Tras su eliminación de La Casa de los Famosos 6, el actor y diputado Sergio Mayer afirmó que retomará sus compromisos laborales y legislativos, en medio de un debate público que se ha intensificado por su participación en el reality show mientras ocupaba un cargo público.
Mayer fue el tercer eliminado del programa luego de 20 días dentro de la casa. Al abandonar el reality, el legislador aseguró que su salida fue resultado de la decisión del público y descartó cualquier acuerdo con la producción.

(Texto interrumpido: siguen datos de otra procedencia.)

lemma l1_dir_deriv_add_scaleR_self:
  "l1_dir_deriv D S c (x + s *\<^sub>R c) = l1_dir_deriv D S c x + s * (\<Sum>i\<in>S. \<bar>c \<bullet> column i D\<bar>)"
  unfolding l1_dir_deriv_def sum_distrib_left sum.distrib[symmetric]
  by (rule sum.cong) (auto simp: inner_add_left algebra_simps sgn_if)

lemma l1_dir_deriv_ge_at_argmin:
  assumes "subspace V" and c: "c \<in> argmin_set (\<lambda>c. c \<bullet> d = 1 \<and> c \<in> V) (l1obj D)"
    and "x \<in> V"
  shows "(d \<bullet> x) * l1obj D c \<le> l1_dir_deriv D UNIV c x"
proof -
  have "c \<bullet> d = 1" "c \<in> V"
    and min: "\<And>c'. c' \<bullet> d = 1 \<Longrightarrow> c' \<in> V \<Longrightarrow> l1obj D c \<le> l1obj D c'"
    using c by (auto simp: argmin_set_def)
  define w where "w = x - (d \<bullet> x) *\<^sub>R c"
  have "w \<in> V"
    using \<open>subspace V\<close> \<open>x \<in> V\<close> \<open>c \<in> V\<close> by (simp add: w_def subspace_diff subspace_scale)
  have "w \<bullet> d = 0"
    using \<open>c \<bullet> d = 1\<close> by (simp add: w_def inner_diff_left inner_commute[of x])
  have "0 \<le> l1_dir_deriv D UNIV c w"
  proof (rule l1_dir_deriv_nonneg_if_min_along_ray, rule min)
    fix t :: real
    show "(c + t *\<^sub>R w) \<bullet> d = 1"
      using \<open>c \<bullet> d = 1\<close> \<open>w \<bullet> d = 0\<close> by (simp add: inner_add_left)
    show "c + t *\<^sub>R w \<in> V"
      using \<open>subspace V\<close> \<open>w \<in> V\<close> \<open>c \<in> V\<close> by (simp add: subspace_add subspace_scale)
  qed
  moreover have "l1_dir_deriv D UNIV c x = l1_dir_deriv D UNIV c w + (d \<bullet> x) * l1obj D c"
    using l1_dir_deriv_add_scaleR_self[of D UNIV c w "d \<bullet> x"] by (simp add: w_def l1obj_def)
  ultimately show ?thesis by simp
qed

lemma l1_dir_deriv_UNIV_eq_Compl:
  assumes "\<And>i. i \<in> A \<Longrightarrow> c \<bullet> column i D = 0 \<and> x \<bullet> column i D = 0"
  shows "l1_dir_deriv D UNIV c x = l1_dir_deriv D (- A) c x"
proof -
  have "l1_dir_deriv D UNIV c x = l1_dir_deriv D (- A) c x + l1_dir_deriv D A c x"
    by (simp add: l1_dir_deriv_def sum.subset_diff[of A UNIV] Compl_eq_Diff_UNIV)
  also have "l1_dir_deriv D A c x = 0"
    using assms by (simp add: l1_dir_deriv_def)
  finally show ?thesis by simp
qed

lemma l1_dir_deriv_eq:
  "l1_dir_deriv D S c x = sgn_col_sum D S c \<bullet> x + (\<Sum>i\<in>zero_cols D S c. \<bar>x \<bullet> column i D\<bar>)"
  unfolding l1_dir_deriv_def sgn_col_sum_def zero_cols_def inner_sum_left
    sum.inter_filter[OF finite] sum.distrib[symmetric]
  by (rule sum.cong) (auto simp: inner_commute)

lemma l1_dir_deriv_le_sum_abs: "l1_dir_deriv D S c x \<le> (\<Sum>i\<in>S. \<bar>x \<bullet> column i D\<bar>)"
  unfolding l1_dir_deriv_def by (rule sum_mono) (auto simp: sgn_if)

lemma l1_dir_deriv_add_ge:
  "l1_dir_deriv D S c x + sgn_col_sum D S c \<bullet> y - (\<Sum>i\<in>zero_cols D S c. \<bar>y \<bullet> column i D\<bar>)
     \<le> l1_dir_deriv D S c (x + y)"
proof -
  have "(\<Sum>i\<in>zero_cols D S c. \<bar>x \<bullet> column i D\<bar> - \<bar>y \<bullet> column i D\<bar>)
      \<le> (\<Sum>i\<in>zero_cols D S c. \<bar>(x + y) \<bullet> column i D\<bar>)"
    by (rule sum_mono) (simp add: inner_add_left abs_triangle_ineq4)
  then show ?thesis
    by (simp add: l1_dir_deriv_eq inner_add_right sum_subtractf)
qed

lemma l1obj_eq_sum_add_sum_Compl:
  "l1obj D c = (\<Sum>i\<in>A. \<bar>c \<bullet> column i D\<bar>) + (\<Sum>i\<in>- A. \<bar>c \<bullet> column i D\<bar>)"
  by (simp add: l1obj_def sum.subset_diff[of A UNIV] Compl_eq_Diff_UNIV)

lemma l1_dir_deriv_ge_at_argmin_perpspace:
  fixes D :: "real^'n^'m" and U :: "real^'r^'m" and Inl :: "'n set"
  assumes inliers: "\<forall>i\<in>Inl. column i D \<in> colspace U"
    and chat: "chat \<in> argmin_set (\<lambda>c. c \<bullet> d = 1 \<and> c \<in> perpspace U) (l1obj D)"
    and "x \<in> perpspace U"
  shows "(d \<bullet> x) * l1obj D chat \<le> l1_dir_deriv D (- Inl) chat x"
proof -
  have "chat \<in> perpspace U"
    using chat by (simp add: argmin_set_def)
  have "(d \<bullet> x) * l1obj D chat \<le> l1_dir_deriv D UNIV chat x"
    by (rule l1_dir_deriv_ge_at_argmin[OF subspace_perpspace chat \<open>x \<in> perpspace U\<close>])
  also have "\<dots> = l1_dir_deriv D (- Inl) chat x"
    using inliers \<open>chat \<in> perpspace U\<close> \<open>x \<in> perpspace U\<close>
    by (intro l1_dir_deriv_UNIV_eq_Compl) (simp add: perpspace_def)
  finally show ?thesis .
qed

lemma l1obj_add_colspace_ge:
  fixes D :: "real^'n^'m" and U :: "real^'r^'m" and Inl :: "'n set"
  assumes orth: "transpose U ** U = mat 1"
    and inliers: "\<forall>i\<in>Inl. column i D \<in> colspace U"
    and "x \<in> perpspace U" and "\<delta> \<in> colspace U"
  shows "l1_dir_deriv D (- Inl) c x
      + norm \<delta> * (l1_Inf_sphere D Inl (colspace U) - l1_Sup_sphere D (zero_cols D (- Inl) c) (colspace U)
                  - norm (transpose U *v sgn_col_sum D (- Inl) c))
      \<le> l1obj D (x + \<delta>)"
proof -
  have "(\<Sum>i\<in>Inl. \<bar>(x + \<delta>) \<bullet> column i D\<bar>) = (\<Sum>i\<in>Inl. \<bar>\<delta> \<bullet> column i D\<bar>)"
    using inliers \<open>x \<in> perpspace U\<close> by (intro sum.cong) (auto simp: perpspace_def inner_add_left)
  moreover have "norm \<delta> * l1_Inf_sphere D Inl (colspace U) \<le> (\<Sum>i\<in>Inl. \<bar>\<delta> \<bullet> column i D\<bar>)"
    by (rule norm_mult_l1_Inf_sphere_le[OF subspace_colspace \<open>\<delta> \<in> colspace U\<close>])
  moreover have "(\<Sum>i\<in>zero_cols D (- Inl) c. \<bar>\<delta> \<bullet> column i D\<bar>)
      \<le> norm \<delta> * l1_Sup_sphere D (zero_cols D (- Inl) c) (colspace U)"
    by (rule sum_abs_le_norm_mult_l1_Sup_sphere[OF subspace_colspace \<open>\<delta> \<in> colspace U\<close>])
  moreover have "- (norm \<delta> * norm (transpose U *v sgn_col_sum D (- Inl) c)) \<le> sgn_col_sum D (- Inl) c \<bullet> \<delta>"
  proof -
    obtain q where "\<delta> = U *v q"
      using \<open>\<delta> \<in> colspace U\<close> by (auto simp: colspace_def)
    then show ?thesis
      using abs_inner_mult_orthonormal_cols_le[OF orth, of "sgn_col_sum D (- Inl) c" q]
      by (simp add: abs_le_iff)
  qed
  moreover have "l1_dir_deriv D (- Inl) c x + sgn_col_sum D (- Inl) c \<bullet> \<delta>
      - (\<Sum>i\<in>zero_cols D (- Inl) c. \<bar>\<delta> \<bullet> column i D\<bar>) \<le> (\<Sum>i\<in>- Inl. \<bar>(x + \<delta>) \<bullet> column i D\<bar>)"
    using l1_dir_deriv_add_ge l1_dir_deriv_le_sum_abs order_trans by blast
  ultimately show ?thesis
    using l1obj_eq_sum_add_sum_Compl[of D "x + \<delta>" Inl] by (simp add: algebra_simps)
qed

lemma l1obj_argmin_lt_outside_perpspace:
  fixes D :: "real^'n^'m" and U :: "real^'r^'m" and Inl :: "'n set"
  assumes orth: "transpose U ** U = mat 1"
    and inliers: "\<forall>i\<in>Inl. column i D \<in> colspace U"
    and chat: "chat \<in> argmin_set (\<lambda>c. c \<bullet> d = 1 \<and> c \<in> perpspace U) (l1obj D)"
    and margin: "norm (transpose U *v d) * l1obj D chat
        + l1_Sup_sphere D (zero_cols D (- Inl) chat) (colspace U)
        + norm (transpose U *v sgn_col_sum D (- Inl) chat) < l1_Inf_sphere D Inl (colspace U)"
    and "c \<bullet> d = 1" and "c \<notin> perpspace U"
  shows "l1obj D chat < l1obj D c"
proof -
  define F where "F = l1obj D chat"
  define \<delta> where "\<delta> = U *v (transpose U *v c)"
  define x where "x = c - \<delta>"
  define gap where "gap = l1_Inf_sphere D Inl (colspace U) - l1_Sup_sphere D (zero_cols D (- Inl) chat) (colspace U)
                          - norm (transpose U *v sgn_col_sum D (- Inl) chat)"
  have "x \<in> perpspace U"
    unfolding x_def \<delta>_def by (rule residual_in_perpspace[OF orth])
  have "\<delta> \<in> colspace U"
    by (simp add: \<delta>_def colspace_def)
  have "\<delta> \<noteq> 0"
    using \<open>c \<notin> perpspace U\<close> \<open>x \<in> perpspace U\<close> by (auto simp: x_def)
  have "(d \<bullet> x) * F + norm \<delta> * gap \<le> l1obj D c"
    using l1_dir_deriv_ge_at_argmin_perpspace[OF inliers chat \<open>x \<in> perpspace U\<close>]
      l1obj_add_colspace_ge[OF orth inliers \<open>x \<in> perpspace U\<close> \<open>\<delta> \<in> colspace U\<close>, of chat]
    by (simp add: F_def gap_def x_def)
  moreover have "(d \<bullet> \<delta>) * F \<le> norm \<delta> * norm (transpose U *v d) * F"
    using abs_inner_mult_orthonormal_cols_le[OF orth, of d "transpose U *v c"] F_def
    by (intro mult_right_mono) (auto simp: \<delta>_def l1obj_def sum_nonneg)
  moreover have "d \<bullet> x = 1 - d \<bullet> \<delta>"
    using \<open>c \<bullet> d = 1\<close> by (simp add: x_def inner_diff_right inner_commute)
  moreover have "norm \<delta> * (norm (transpose U *v d) * F) < norm \<delta> * gap"
    using margin \<open>\<delta> \<noteq> 0\<close> by (simp add: F_def gap_def)
  ultimately show ?thesis
    unfolding F_def[symmetric] by (simp add: left_diff_distrib mult.assoc)
qed

theorem lemma9:
  fixes D :: "real^'n^'m" and U :: "real^'r^'m"
    and Inl :: "'n set" and j :: 'n and chat :: "real^'m"
  assumes orth: "transpose U ** U = mat 1"
    and inliers: "\<forall>i\<in>Inl. column i D \<in> colspace U"
    and outliers: "\<forall>i. i \<notin> Inl \<longrightarrow> column i D \<notin> colspace U"
    and unit: "\<forall>i. norm (column i D) = 1"
    and jout: "j \<notin> Inl"
    and copt: "chat \<in> argmin_set (\<lambda>c. c \<bullet> column j D = 1 \<and> c \<in> perpspace U) (l1obj D)"
    and cond1: "let I0 = {i. i \<notin> Inl \<and> chat \<bullet> column i D = 0};
                    ov = (\<Sum>i\<in>-Inl. sgn (chat \<bullet> column i D) *\<^sub>R column i D)
                in (1/2) * Inf ((\<lambda>\<delta>. \<Sum>i\<in>Inl. \<bar>\<delta> \<bullet> column i D\<bar>) ` {\<delta>\<in>colspace U. norm \<delta> = 1})
                   > Sup ((\<lambda>\<delta>. \<Sum>i\<in>I0. \<bar>\<delta> \<bullet> column i D\<bar>) ` {\<delta>\<in>colspace U. norm \<delta> = 1})
                     + norm (transpose U *v ov)"
    and cond2: "let d = column j D;
                    I0 = {i. i \<notin> Inl \<and> chat \<bullet> column i D = 0};
                    ov = (\<Sum>i\<in>-Inl. sgn (chat \<bullet> column i D) *\<^sub>R column i D);
                    r = d - U *v (transpose U *v d);
                    dperp = (1 / norm r) *\<^sub>R r;
                    a = norm (transpose U *v d)
                in Inf ((\<lambda>\<delta>. \<Sum>i\<in>Inl. \<bar>\<delta> \<bullet> column i D\<bar>) ` {\<delta>\<in>colspace U. norm \<delta> = 1})
                   > (2 * a / sqrt (1 - a^2)) * (ov \<bullet> dperp + (\<Sum>i\<in>I0. \<bar>column i D \<bullet> dperp\<bar>))"
  shows "argmin_set (\<lambda>c. c \<in> perpspace U \<and> column j D \<bullet> c = 1) (l1obj D)
       = argmin_set (\<lambda>c. column j D \<bullet> c = 1) (l1obj D)"
proof -
  define d where "d = column j D"
  define F where "F = l1obj D chat"
  define a where "a = norm (transpose U *v d)"
  have chat: "chat \<in> argmin_set (\<lambda>c. c \<bullet> d = 1 \<and> c \<in> perpspace U) (l1obj D)"
    using copt by (simp add: d_def)
  have d: "norm d = 1" "d \<notin> colspace U"
    using unit outliers jout by (simp_all add: d_def)
  have I0: "zero_cols D (- Inl) chat = {i. i \<notin> Inl \<and> chat \<bullet> column i D = 0}"
    by (auto simp: zero_cols_def)
  have "sqrt (1 - a^2) * F \<le> l1_dir_deriv D (- Inl) chat (unit_residual U d)"
    using l1_dir_deriv_ge_at_argmin_perpspace[OF inliers chat unit_residual_in_perpspace[OF orth d]]
    by (simp add: inner_unit_residual[OF orth d] F_def a_def)
  then have "a * (sqrt (1 - a^2) * F) \<le> a * l1_dir_deriv D (- Inl) chat (unit_residual U d)"
    by (rule mult_left_mono) (simp add: a_def)
  with sqrt_one_minus_norm_transpose_pos[OF orth d]
  have "2 * a * F \<le> (2 * a / sqrt (1 - a^2)) * l1_dir_deriv D (- Inl) chat (unit_residual U d)"
    by (simp add: a_def field_simps)
  then have "a * F + l1_Sup_sphere D (zero_cols D (- Inl) chat) (colspace U)
      + norm (transpose U *v sgn_col_sum D (- Inl) chat) < l1_Inf_sphere D Inl (colspace U)"
    using cond1 cond2 unfolding Let_def l1_dir_deriv_eq I0 l1_Inf_sphere_def l1_Sup_sphere_def
      sgn_col_sum_def unit_residual_def d_def[symmetric] a_def[symmetric]
    by (simp add: inner_commute)
  then have "F < l1obj D c" if "c \<bullet> d = 1" "c \<notin> perpspace U" for c
    using l1obj_argmin_lt_outside_perpspace[OF orth inliers chat _ that] by (simp add: F_def a_def)
  then show ?thesis
    using argmin_set_eq_if_strict_outside[OF chat] by (simp add: F_def d_def inner_commute conj_commute)
qed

“Me encanta jugar con fuego, aunque el público decidió que me quemara. Así es mi juego, lo asumo y lo confronto”, expresó.
Posteriormente, durante una entrevista en el programa Realities After Dark: La Casa Podcast, conducido por William Valdés, Mayer habló sobre su regreso a la vida pública y profesional. En ese espacio afirmó que retomará su agenda laboral una vez fuera del programa.
“Me hubiera encantado continuar, tenía más que dar. Pero hay un mundo aquí afuera que me está esperando. Tengo una familia hermosa, tengo trabajo, tengo todo”, declaró.
El actor también señaló que una de sus prioridades será reunirse con su familia y asistir al cumpleaños número 15 de su hija menor, que se celebrará en abril.
No obstante, su retorno a la actividad política ocurre en medio de cuestionamientos. La Comisión Nacional de Honestidad y Justicia de Morena inició un proceso sancionador en su contra y suspendió temporalmente sus derechos como militante mientras se desarrolla una investigación interna.
En el expediente se señala al legislador por presuntamente incumplir con sus obligaciones como integrante del partido y por afectar la imagen pública de la organización al participar en el reality show.
La polémica se amplificó en redes sociales, donde algunos usuarios han cuestionado si debería regresar a su curul en la Cámara de Diputados.
Sobre este punto, el senador Gerardo Fernández Noroña explicó que el cargo legislativo no puede ser renunciado, por lo que Mayer tiene la posibilidad legal de regresar cuando así lo decida.
Mientras tanto, el caso continúa generando debate tanto en el ámbito político como en la opinión pública, al poner sobre la mesa la discusión sobre los límites entre la vida política y la participación en programas de entretenimiento.